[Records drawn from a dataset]
══════════

lemma orbit_count_tiles:
  fixes q N j n :: nat and \<theta> w :: real
  defines "d \<equiv> frac (real q * \<theta>)"
  defines "c \<equiv> real (orbit_count \<theta> n w d)"
  assumes "j \<le> N" "real j * d \<le> 1"
  shows "real j * (c - real N * real q) \<le> real (orbit_count \<theta> n w (real j * d))"
    and "real (orbit_count \<theta> n w (real j * d)) \<le> real j * (c + real N * real q)"
proof -
  have close: "\<bar>real (orbit_count \<theta> n (w + real i * d) d) - c\<bar> \<le> real N * real q"
    if "i \<in> {..<j}" for i
  proof -
    have "real i * real q \<le> real N * real q"
      using that assms(3) by (intro mult_right_mono) simp_all
    then show ?thesis
      using orbit_count_shift_mult[of \<theta> n w i q d] unfolding c_def d_def by linarith
  qed
  have sum: "real (orbit_count \<theta> n w (real j * d)) = (\<Sum>i<j. real (orbit_count \<theta> n (w + real i * d) d))"
    using orbit_count_sum[of d j \<theta> n w] assms(4) by (simp add: d_def)
  have "real j * (c - real N * real q) = (\<Sum>i<j. c - real N * real q)"
    by simp
  also have "\<dots> \<le> real (orbit_count \<theta> n w (real j * d))"
    unfolding sum by (intro sum_mono) (use close in fastforce)
  finally show "real j * (c - real N * real q) \<le> real (orbit_count \<theta> n w (real j * d))" .
  have "real (orbit_count \<theta> n w (real j * d)) \<le> (\<Sum>i<j. c + real N * real q)"
    unfolding sum by (intro sum_mono) (use close in fastforce)
  also have "\<dots> = real j * (c + real N * real q)"
    by simp
  finally show "real (orbit_count \<theta> n w (real j * d)) \<le> real j * (c + real N * real q)" .
qed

══════════

Across these entries, count each line where the string "also" shows up. Give only the count.

2